We detected global morphological deterioration in the brains of children with CDD, which supported the nature of whole-brain involvement in the disease process^{(1, 2, 4–6, 9)}. Due to the paucity of MRI data, prior case reports mainly described normal or unremarkable findings in young children with CDD^{(1, 10, 12, 13)}. A few descriptive studies based on visual inspection showed cerebral atrophy, but in a very wide range of ages (1.8–17 years old)^{(4, 11)}. Recently, it was documented that visually apparent MRI changes were presented in approximately 50% of 6-year-old children with CDD, but rarely seen in earlier ages⁽³⁾. Our quantitative analysis identified significant morphological abnormalities in 3-year-old CDD patients, which suggests that surface-based quantitative measurements might serve as potential sensitive markers for evaluating subtle structural abnormalities in these patients. Similarly, these quantitative MRI techniques have been successfully applied to other epileptic neurodevelopmental encephalopathy to reveal the structural abnormalities that are not easily identified by visual inspection, such as in Rett syndrome, West syndrome, and Rasmussen syndrome^{(14, 25, 26)}.

It is noteworthy that the detected volume loss in CDD patients showed an uneven, even asymmetrical, distribution in cortical and subcortical regions. This is consistent with the abnormal regional volume findings in other pediatric epileptic syndromes. For example, patients with Rett syndrome showed a marked decrease in cerebellar volume⁽¹⁴⁾, and MRI-negative patients with West syndrome of unknown etiology had abnormal GM volume in the left temporal lobe⁽²⁵⁾. Some evidence of seizure semiology as well as EEG changes (both slowing and epileptiform activity) in CDD patients did suggest its lateralized or focal features^{(1, 27)}. Our results, however, cannot lead to conclusive lateralized or focal implications due to the limited sample size.

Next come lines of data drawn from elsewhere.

lemma prime_ideal_power: "prime_ideal N \<Longrightarrow> a ^ k \<in> N \<Longrightarrow> a \<in> N"
proof (induction k)
  case 0 then show ?case using ideal_eq_UNIV_if_one[of N] by (simp add: prime_ideal_def)
next
  case (Suc k) then show ?case by (simp add: prime_ideal_def) blast
qed

definition poly_over :: "'a::comm_ring_1 set \<Rightarrow> 'a poly set" where
  "poly_over I = {p. \<forall>i. coeff p i \<in> I}"

lemma poly_over_ideal:
  assumes "is_ideal I"
  shows "is_ideal (poly_over I)"
  unfolding is_ideal_def poly_over_def using assms
  by (auto simp: coeff_mult intro!: ideal_sum ideal_multL ideal_add ideal_0)

lemma poly_over_mult: "p \<in> poly_over I \<Longrightarrow> q \<in> poly_over J \<Longrightarrow> p * q \<in> poly_over (ideal_prod I J)"
  unfolding poly_over_def ideal_prod_def
  by (auto simp: coeff_mult intro!: ideal_sum[OF ideal_gen_ideal] ideal_prod_mem[unfolded ideal_prod_def])

lemma poly_over_UNIV: "poly_over UNIV = UNIV"
  by (simp add: poly_over_def)

lemma contract_ideal:
  assumes I: "is_ideal M"
  shows "is_ideal (contract M)"
  unfolding is_ideal_def contract_def
proof (intro conjI ballI allI; simp)
  show "0 \<in> M" using I by (rule ideal_0)
next
  fix x y assume "[:x:] \<in> M" "[:y:] \<in> M"
  then show "[:x + y:] \<in> M" using ideal_add[OF I, of "[:x:]" "[:y:]"] by simp
next
  fix r x assume "[:x:] \<in> M"
  then show "[:r * x:] \<in> M" using ideal_multL[OF I, of "[:x:]" "[:r:]"] by (simp add: mult.commute)
qed

lemma contract_prime:
  fixes M :: "'a::comm_ring_1 poly set"
  assumes prime: "prime_ideal M"
  shows "prime_ideal (contract M)"
proof -
  have I: "is_ideal M" and proper: "M \<noteq> UNIV" using prime by (auto simp: prime_ideal_def)
  have "1 \<notin> contract M" using proper ideal_eq_UNIV_if_one[OF I] by (auto simp: contract_def one_pCons)
  moreover have "a \<in> contract M \<or> b \<in> contract M" if "a * b \<in> contract M" for a b
  proof -
    have "[:a:] * [:b:] \<in> M" using that by (simp add: contract_def mult.commute)
    then show ?thesis using prime by (auto simp: prime_ideal_def contract_def)
  qed
  ultimately show ?thesis using contract_ideal[OF I] by (auto simp: prime_ideal_def)
qed

lemma monom_mem: "is_ideal M \<Longrightarrow> c \<in> contract M \<Longrightarrow> monom c n \<in> M"
  using ideal_multR[of M "[:c:]" "monom 1 n"] by (simp add: contract_def smult_monom)

lemma contract_power_lower: "ideal_pow (contract M) t \<subseteq> contract (ideal_pow M t)"
proof (induction t)
  case 0 show ?case by (simp add: contract_def)
next
  case (Suc t)
  have "{a * b |a b. a \<in> contract M \<and> b \<in> ideal_pow (contract M) t} \<subseteq> contract (ideal_pow M (Suc t))"
  proof clarify
    fix a b assume "a \<in> contract M" "b \<in> ideal_pow (contract M) t"
    then have "[:a:] \<in> M" "[:b:] \<in> ideal_pow M t" using Suc by (auto simp: contract_def)
    then have "[:a:] * [:b:] \<in> ideal_pow M (Suc t)" by (simp only: ideal_pow.simps ideal_prod_mem)
    then show "a * b \<in> contract (ideal_pow M (Suc t))" by (simp add: contract_def mult.commute)
  qed
  then show ?case
    using ideal_gen_least[OF contract_ideal[OF ideal_gen_ideal]] by (simp add: ideal_prod_def)
qed

section \<open>An element of least degree escaping from P[X]\<close>

definition least_escape :: "'a::comm_ring_1 poly set \<Rightarrow> 'a poly \<Rightarrow> bool" where
  "least_escape M g \<longleftrightarrow> g \<in> M \<and> lead_coeff g \<notin> contract M \<and>
     (\<forall>h\<in>M. degree h < degree g \<longrightarrow> h \<in> poly_over (contract M))"

text \<open>An element of M outside P[X] can be reduced, by removing leading terms in P,
  to an element of no larger degree with leading coefficient outside P.\<close>
lemma escape_lead_coeff:
  assumes I: "is_ideal M"
  shows "h \<in> M \<Longrightarrow> h \<notin> poly_over (contract M) \<Longrightarrow>
    \<exists>g\<in>M. lead_coeff g \<notin> contract M \<and> degree g \<le> degree h"
proof (induction "degree h" arbitrary: h rule: less_induct)
  case less
  show ?case
  proof (cases "lead_coeff h \<in> contract M")
    case False then show ?thesis using less.prems by auto
  next
    case True
    define h' where "h' = h - monom (lead_coeff h) (degree h)"
    have "h' \<in> M" using I less.prems(1) True by (simp add: h'_def ideal_diff monom_mem)
    have coeff_h': "coeff h' i = (if i = degree h then 0 else coeff h i)" for i
      by (simp add: h'_def)
    have coeffs_h: "coeff h i \<in> contract M" if "h' \<in> poly_over (contract M)" for i
    proof -
      have "coeff h' i \<in> contract M" using that by (simp add: poly_over_def)
      then show ?thesis using True coeff_h'[of i] by (cases "i = degree h") auto
    qed
    then have "h' \<notin> poly_over (contract M)" using less.prems(2) by (auto simp: poly_over_def)
    moreover have "degree h \<noteq> 0"
    proof
      assume "degree h = 0"
      then have "coeff h i \<in> contract M" for i
        using True ideal_0[OF contract_ideal[OF I]] coeff_eq_0[of h i] by (cases "i = 0") auto
      then show False using less.prems(2) by (simp add: poly_over_def)
    qed
    moreover have "degree h' \<le> degree h - 1"
      by (rule degree_le) (auto simp: coeff_h' coeff_eq_0)
    ultimately show ?thesis using less.hyps[of h'] \<open>h' \<in> M\<close> by fastforce
  qed
qed

text \<open>For a maximal ideal M, M \<noteq> P[X]: otherwise X or a Bezout partner of X would
  put 1 into P.\<close>
lemma maximal_not_poly_over_contract:
  fixes M :: "'a::comm_ring_1 poly set"
  assumes max: "maximal_ideal M"
  shows "\<exists>h\<in>M. h \<notin> poly_over (contract M)"
proof (rule ccontr)
  assume "\<not> ?thesis"
  then have coeffs: "\<And>h i. h \<in> M \<Longrightarrow> coeff h i \<in> contract M" unfolding poly_over_def by blast
  have I: "is_ideal M" and proper: "M \<noteq> UNIV" using max by (auto simp: maximal_ideal_def)
  have one: "1 \<notin> contract M" using proper ideal_eq_UNIV_if_one[OF I] by (auto simp: contract_def one_pCons)
  show False
  proof (cases "[:0,1:] \<in> M")
    case True
    from coeffs[OF True, of 1] one show False by simp
  next
    case False
    from maximal_comaximal[OF max False] obtain x r where "x \<in> M" "x + r * [:0,1:] = 1" by blast
    then have "coeff (x + r * [:0,1:]) 0 = 1" by simp
    then have "coeff x 0 = 1" by (simp add: mult_pCons_right)
    with coeffs[OF \<open>x \<in> M\<close>, of 0] one show False by simp
  qed
qed

lemma least_escape_exists:
  fixes M :: "'a::comm_ring_1 poly set"
  assumes max: "maximal_ideal M"
  shows "\<exists>g. least_escape M g"
proof -
  have I: "is_ideal M" using max by (simp add: maximal_ideal_def)
  obtain g0 where "g0 \<in> M \<and> lead_coeff g0 \<notin> contract M"
    using maximal_not_poly_over_contract[OF max] escape_lead_coeff[OF I] by blast
  from ex_has_least_nat[of "\<lambda>g. g \<in> M \<and> lead_coeff g \<notin> contract M", OF this, of degree]
  obtain g where g: "g \<in> M" "lead_coeff g \<notin> contract M"
    and least: "\<And>g'. g' \<in> M \<and> lead_coeff g' \<notin> contract M \<Longrightarrow> degree g \<le> degree g'" by blast
  have "h \<in> poly_over (contract M)" if "h \<in> M" "degree h < degree g" for h
    using escape_lead_coeff[OF I that(1)] least that(2) by (meson leD le_trans)
  then show ?thesis using g unfolding least_escape_def by blast
qed

lemma least_escape_degree:
  assumes "least_escape M g"
  shows "degree g \<ge> 1"
proof (rule ccontr)
  assume "\<not> degree g \<ge> 1"
  then have "degree g = 0" by simp
  then have "g = [:lead_coeff g:]" by (simp add: degree_0_id)
  moreover have "g \<in> M" "lead_coeff g \<notin> contract M" using assms by (auto simp: least_escape_def)
  ultimately show False unfolding contract_def by (metis mem_Collect_eq)
qed

section \<open>The contraction of a maximal ideal of R[X] is maximal when R is Hilbert\<close>

text \<open>Pseudo-division by g of the Bezout
  partner of b produces an element of M of degree below that of g, whose constant
  term is exactly lead_coeff g ^ k - b c.\<close>
lemma least_escape_lead_power:
  fixes M :: "'a::comm_ring_1 poly set"
  assumes max: "maximal_ideal M" and g: "least_escape M g" and b: "b \<notin> contract M"
  shows "\<exists>k c. lead_coeff g ^ k - b * c \<in> contract M"
proof -
  have I: "is_ideal M" using max by (simp add: maximal_ideal_def)
  have gM: "g \<in> M" and low: "\<forall>h\<in>M. degree h < degree g \<longrightarrow> h \<in> poly_over (contract M)"
    using g by (auto simp: least_escape_def)
  have deg_g: "degree g \<ge> 1" by (rule least_escape_degree[OF g])
  then have "g \<noteq> 0" by auto
  have "[:b:] \<notin> M" using b by (simp add: contract_def)
  from maximal_comaximal[OF max this] obtain x h where x: "x \<in> M" "x + h * [:b:] = 1" by blast
  obtain q r where qr: "pseudo_divmod h g = (q, r)" by (cases "pseudo_divmod h g") auto
  define a where "a = lead_coeff g"
  define k where "k = Suc (degree h) - degree g"
  have division: "smult (a ^ k) h = g * q + r"
    using pseudo_divmod(1)[OF \<open>g \<noteq> 0\<close> qr] by (simp add: a_def k_def)
  have deg_r: "degree r < degree g"
    using pseudo_divmod(2)[OF \<open>g \<noteq> 0\<close> qr] deg_g by auto
  define e where "e = [:a ^ k:] - [:b:] * r"
  have "e = [:a ^ k:] * (x + h * [:b:]) - [:b:] * r" using x(2) by (simp add: e_def)
  also have "\<dots> = [:a ^ k:] * x + [:b:] * (smult (a ^ k) h - r)"
    by (simp add: algebra_simps smult_add_right)
  also have "\<dots> = [:a ^ k:] * x + ([:b:] * q) * g" by (simp add: division algebra_simps)
  finally have "e \<in> M" using x(1) gM by (simp only: ideal_add[OF I] ideal_multL[OF I])
  moreover have "degree e < degree g"
  proof -
    have "degree ([:b:] * r) \<le> degree r" using degree_mult_le[of "[:b:]" r] by simp
    then have "degree e \<le> degree g - 1" unfolding e_def using deg_r by (intro degree_diff_le) auto
    then show ?thesis using deg_g by simp
  qed
  ultimately have "coeff e 0 \<in> contract M" using low by (simp add: poly_over_def)
  then show ?thesis by (auto simp: e_def a_def)
qed

text \<open>Any maximal ideal N strictly containing P contains the leading coefficient of a
  least escaping element: some power of it lies in P + bN \<subseteq> N, and N is prime.\<close>
lemma least_escape_lead_in_larger_maximal:
  fixes M :: "'a::comm_ring_1 poly set"
  assumes max: "maximal_ideal M" and g: "least_escape M g"
    and N: "maximal_ideal N" "contract M \<subset> N"
  shows "lead_coeff g \<in> N"
proof -
  obtain b where b: "b \<in> N" "b \<notin> contract M" using N(2) by blast
  from least_escape_lead_power[OF max g b(2)] obtain k c
    where kc: "lead_coeff g ^ k - b * c \<in> contract M" by blast
  have I: "is_ideal N" using N(1) by (simp add: maximal_ideal_def)
  have "(lead_coeff g ^ k - b * c) + b * c \<in> N"
    using kc N(2) b(1) by (blast intro: ideal_add[OF I] ideal_multR[OF I])
  then have "lead_coeff g ^ k \<in> N" by simp
  then show ?thesis by (rule prime_ideal_power[OF maximal_prime[OF N(1)]])
qed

The most striking volume loss in our study was detected in the subcortical regions, which supplemented the cortical atrophy findings by visual inspection of the MRI in CDD patients as reported in previous studies^{(4, 11)}. This result is consistent with the findings in mouse brains that CDKL5 is highly expressed in both the cortex and the subcortical GM⁽⁹⁾. Such subcortical involvement could perhaps explain some common symptoms of CDD patients and CDKL5-knock-out rodent models, e.g., thalamus atrophy might contribute to movement disorders; hippocampus and amygdala atrophy might contribute to intellectual disabilities; cerebellum atrophy might contribute to motor delays; brain stem atrophy might contribute to arrhythmia and respiratory disturbance^{(1, 9, 28)}. All these symptoms were present in the patients included in this study (see Table 1). Cerebellar gliosis, Purkinje cell loss, and axonal torpedoe were reported in histopathological examination of CDD patients⁽⁸⁾. Reduced spine density and abnormalities in the number of mature spines, dendritic length, and dendritic complexity were observed in cerebellar granule cells and hippocampal CA1 pyramidal neurons^{(9, 29, 30)} in CDKL5 knock-out mouse models. Further studies are still needed to elucidate the neuropathological substrates underlying the subtle brain morphological abnormalities associated with CDD.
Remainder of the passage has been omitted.